## What needs to be done
Among the lines below, list those containing the string "lambda".

'''

lemma nbhd_Diff_component:
  assumes "S \<subseteq> V" and "C \<in> components_in E (V - S)" and "A \<in> C"
  shows "nbhd V E A - C = nbhd V E A \<inter> S"
proof -
  have "C \<subseteq> V - S"
    using assms(2) by (rule components_in_subset)
  moreover have "B \<in> C" if "B \<in> nbhd V E A" "B \<notin> S" for B
    using components_in_closed[OF symp_adj assms(2,3), of B] that by (simp add: nbhd_def)
  ultimately show ?thesis
    using nbhd_subset[of A] by blast
qed

lemma card_Diff_component:
  assumes "2 \<le> num_components E (V - S)" and "C \<in> components_in E (V - S)"
  shows "d + 1 \<le> card (V - C)"
proof -
  have "components_in E (V - S) \<noteq> {C}"
    using assms by (auto simp: num_components_def)
  then obtain C' where C': "C' \<in> components_in E (V - S)" "C' \<noteq> C"
    using assms(2) by blast
  then obtain A where "A \<in> C'" "A \<in> V - S"
    by (auto simp: components_in_eq_image intro: component_of_self)
  have "C \<subseteq> V - S"
    using assms(2) by (rule components_in_subset)
  have "insert A (nbhd V E A) \<subseteq> V - C"
  proof -
    have "A \<notin> C"
      using components_in_disjoint[OF symp_adj assms(2) C'(1)] C'(2) \<open>A \<in> C'\<close> by blast
    moreover have "B \<notin> C" if "B \<in> nbhd V E A" for B
    proof
      assume "B \<in> C"
      then have "A \<in> C"
        using components_in_closed[OF symp_adj assms(2) \<open>B \<in> C\<close> \<open>A \<in> V - S\<close>] that adj_sym
        by (auto simp: nbhd_def)
      with \<open>A \<notin> C\<close> show False ..
    qed
    ultimately show ?thesis
      using \<open>A \<in> V - S\<close> nbhd_subset by blast
  qed
  moreover have "card (insert A (nbhd V E A)) = d + 1"
    using adj_irrefl[of A] \<open>A \<in> V - S\<close> card_nbhd finite_nbhd by (simp add: nbhd_def)
  ultimately show ?thesis
    by (metis card_mono finite_Diff finite_vertices)
qed

(* The hypothesis psd says that the least adjacency eigenvalue is at least -c. *)
lemma components_test_vector_bound:
  fixes a :: "'a set \<Rightarrow> real" and c :: real
  assumes "S \<subseteq> V"
    and psd: "\<And>x :: 'a \<Rightarrow> real. 0 \<le> (\<Sum>(A, B)\<in>arcs V E. x A * x B) + c * (\<Sum>A\<in>V. (x A)\<^sup>2)"
  shows "(\<Sum>C\<in>components_in E (V - S). (1 + a C)\<^sup>2 * cut_size V E C - (d + c) * card C * (a C)\<^sup>2)
    \<le> (d + c) * card S"
proof -
  let ?comps = "components_in E (V - S)"
  define x where "x A = (if A \<in> S then -1 else a (component_of E (V - S) A))" for A
  define h where "h A = (1 + x A)\<^sup>2 * card (nbhd V E A \<inter> S) - (d + c) * (x A)\<^sup>2" for A
  have fin: "finite (V - S)"
    using finite_vertices by simp
  have x_const: "x B = x A" if "A \<in> V - S" "B \<in> V - S" "E A B" for A B
    using component_of_eq[OF symp_adj component_of_adj[of A "V - S" B E, OF that]] that
    by (simp add: x_def)
  have sum_h: "(\<Sum>A\<in>V - S. h A) \<le> (d + c) * card S"
    using psd[of x] quadratic_form_cut_vector[OF assms(1), of x c] x_const
    by (simp add: x_def h_def)
  have "(\<Sum>A\<in>V - S. h A) = (\<Sum>C\<in>?comps. \<Sum>A\<in>C. h A)"
    by (rule sum_components_in[OF symp_adj fin])
  also have "\<dots> = (\<Sum>C\<in>?comps. (1 + a C)\<^sup>2 * cut_size V E C - (d + c) * card C * (a C)\<^sup>2)"
  proof (rule sum.cong[OF refl])
    fix C assume C: "C \<in> ?comps"
    have "A \<notin> S" if "A \<in> C" for A
      using components_in_subset[OF C] that by blast
    then have "h A = (1 + a C)\<^sup>2 * card (nbhd V E A - C) - (d + c) * (a C)\<^sup>2" if "A \<in> C" for A
      using that component_of_eq_components_in[OF symp_adj C that] nbhd_Diff_component[OF assms(1) C that]
      by (simp add: h_def x_def)
    then show "(\<Sum>A\<in>C. h A) = (1 + a C)\<^sup>2 * cut_size V E C - (d + c) * card C * (a C)\<^sup>2"
      by (simp add: cut_size_def sum_subtractf sum_distrib_left)
  qed
  finally show ?thesis
    using sum_h by simp
qed

end

section \<open>Kneser graphs\<close>

lemma card_disjoint_unions:
  assumes "finite P" and "finite Q" and "P \<inter> Q = {}"
  shows "card {S \<union> T | S T. S \<subseteq> P \<and> card S = a \<and> T \<subseteq> Q \<and> card T = b}
    = (card P choose a) * (card Q choose b)"
proof -
  let ?PQ = "{S. S \<subseteq> P \<and> card S = a} \<times> {T. T \<subseteq> Q \<and> card T = b}"
  have "{S \<union> T | S T. S \<subseteq> P \<and> card S = a \<and> T \<subseteq> Q \<and> card T = b} = (\<lambda>(S, T). S \<union> T) ` ?PQ"
    by auto
  moreover have "inj_on (\<lambda>(S, T). S \<union> T) ?PQ"
  proof (rule inj_onI)
    fix y z assume "y \<in> ?PQ" "z \<in> ?PQ" "(\<lambda>(S, T). S \<union> T) y = (\<lambda>(S, T). S \<union> T) z"
    moreover have "fst w = (\<lambda>(S, T). S \<union> T) w \<inter> P" "snd w = (\<lambda>(S, T). S \<union> T) w - P"
      if "w \<in> ?PQ" for w
      using that assms(3) by auto
    ultimately show "y = z"
      by (intro prod_eqI) simp_all
  qed
  ultimately show ?thesis
    using assms by (simp add: card_image card_cartesian_product n_subsets)
qed

lemma finite_kneser_vertices: "finite (kneser_vertices n k)"
proof -
  have "kneser_vertices n k \<subseteq> Pow {1..n}"
    by (auto simp: kneser_vertices_def)
  then show ?thesis
    by (rule finite_subset) simp
qed

lemma card_kneser_vertices: "card (kneser_vertices n k) = n choose k"
  using n_subsets[of "{1..n}" k] by (simp add: kneser_vertices_def)

lemma kneser_vertex_finite: "A \<in> kneser_vertices n k \<Longrightarrow> finite A"
  by (auto simp: kneser_vertices_def intro: finite_subset)

lemma kneser_nbhd_eq:
  "nbhd (kneser_vertices n k) kneser_adj A = {B. B \<subseteq> {1..n} - A \<and> card B = k}"
  by (auto simp: nbhd_def kneser_vertices_def kneser_adj_def)

lemma card_kneser_nbhd:
  assumes "A \<in> kneser_vertices n k"
  shows "card (nbhd (kneser_vertices n k) kneser_adj A) = (n - k) choose k"
proof -
  have "card ({1..n} - A) = n - k"
    using assms kneser_vertex_finite[OF assms] by (simp add: kneser_vertices_def card_Diff_subset)
  then show ?thesis
    by (simp add: kneser_nbhd_eq n_subsets)
qed

lemma regular_graph_kneser:
  assumes "0 < k"
  shows "regular_graph (kneser_vertices n k) kneser_adj ((n - k) choose k)"
proof
  show "\<not> kneser_adj A A" if "A \<in> kneser_vertices n k" for A
    using that assms by (auto simp: kneser_vertices_def kneser_adj_def)
qed (auto simp: finite_kneser_vertices card_kneser_nbhd kneser_adj_def)

lemma kneser_nbhd_intersecting:
  assumes "n < 3 * k" and "A \<in> kneser_vertices n k"
    and "B \<in> nbhd (kneser_vertices n k) kneser_adj A" and "C \<in> nbhd (kneser_vertices n k) kneser_adj A"
  shows "B \<inter> C \<noteq> {}"
proof
  assume "B \<inter> C = {}"
  have B: "B \<subseteq> {1..n} - A" "card B = k" and C: "C \<subseteq> {1..n} - A" "card C = k"
    using assms(3,4) by (auto simp: kneser_nbhd_eq)
  have "finite B" "finite C"
    using B C finite_subset by (metis finite_Diff finite_atLeastAtMost)+
  then have "card (B \<union> C) = 2 * k"
    using \<open>B \<inter> C = {}\<close> B C by (simp add: card_Un_disjoint)
  moreover have "card (B \<union> C) \<le> card ({1..n} - A)"
    using B C by (intro card_mono) auto
  moreover have "card ({1..n} - A) = n - k"
    using assms(2) kneser_vertex_finite[OF assms(2)] by (simp add: kneser_vertices_def card_Diff_subset)
  ultimately show False
    using assms(1) by linarith
qed

lemma kneser_common_nbhd_eq:
  "nbhd (kneser_vertices n k) kneser_adj A \<inter> nbhd (kneser_vertices n k) kneser_adj B
    = {C. C \<subseteq> {1..n} - (A \<union> B) \<and> card C = k}"
  by (auto simp: kneser_nbhd_eq)

lemma card_kneser_common_nbhd_le:
  assumes "A \<in> kneser_vertices n k" and "B \<in> kneser_vertices n k" and "A \<noteq> B"
  shows "card (nbhd (kneser_vertices n k) kneser_adj A \<inter> nbhd (kneser_vertices n k) kneser_adj B)
    \<le> (n - k - 1) choose k"
proof -
  have fin: "finite A" "finite B"
    using assms kneser_vertex_finite by blast+
  have "\<not> B \<subseteq> A"
    using assms card_subset_eq[OF fin(1)] by (auto simp: kneser_vertices_def)
  then obtain b where "b \<in> B" "b \<notin> A"
    by blast
  then have "card (insert b A) \<le> card (A \<union> B)"
    using fin by (intro card_mono) auto
  then have "k + 1 \<le> card (A \<union> B)"
    using \<open>b \<notin> A\<close> fin assms(1) by (simp add: kneser_vertices_def)
  moreover have "A \<union> B \<subseteq> {1..n}"
    using assms by (auto simp: kneser_vertices_def)
  ultimately have "card ({1..n} - (A \<union> B)) \<le> n - k - 1"
    using fin by (simp add: card_Diff_subset)
  then show ?thesis
    unfolding kneser_common_nbhd_eq by (simp add: n_subsets binomial_right_mono)
qed

lemma kneser_common_nbhd_nonempty:
  assumes "A \<in> kneser_vertices n k" and "B \<in> kneser_vertices n k" and "3 * k \<le> n + card (A \<inter> B)"
  shows "nbhd (kneser_vertices n k) kneser_adj A \<inter> nbhd (kneser_vertices n k) kneser_adj B \<noteq> {}"
proof -
  have fin: "finite A" "finite B"
    using assms kneser_vertex_finite by blast+
  have "card (A \<union> B) + card (A \<inter> B) = 2 * k"
    using card_Un_Int[OF fin] assms(1,2) by (simp add: kneser_vertices_def)
  moreover have "A \<union> B \<subseteq> {1..n}"
    using assms by (auto simp: kneser_vertices_def)
  ultimately have "k \<le> card ({1..n} - (A \<union> B))"
    using fin assms(3) by (simp add: card_Diff_subset)
  then obtain C where "C \<subseteq> {1..n} - (A \<union> B)" "card C = k"
    by (meson obtain_subset_with_card_n)
  then show ?thesis
    unfolding kneser_common_nbhd_eq by blast
qed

'''

## Answer for the task
  have "{S \<union> T | S T. S \<subseteq> P \<and> card S = a \<and> T \<subseteq> Q \<and> card T = b} = (\<lambda>(S, T). S \<union> T) ` ?PQ"
  moreover have "inj_on (\<lambda>(S, T). S \<union> T) ?PQ"
    fix y z assume "y \<in> ?PQ" "z \<in> ?PQ" "(\<lambda>(S, T). S \<union> T) y = (\<lambda>(S, T). S \<union> T) z"
    moreover have "fst w = (\<lambda>(S, T). S \<union> T) w \<inter> P" "snd w = (\<lambda>(S, T). S \<union> T) w - P"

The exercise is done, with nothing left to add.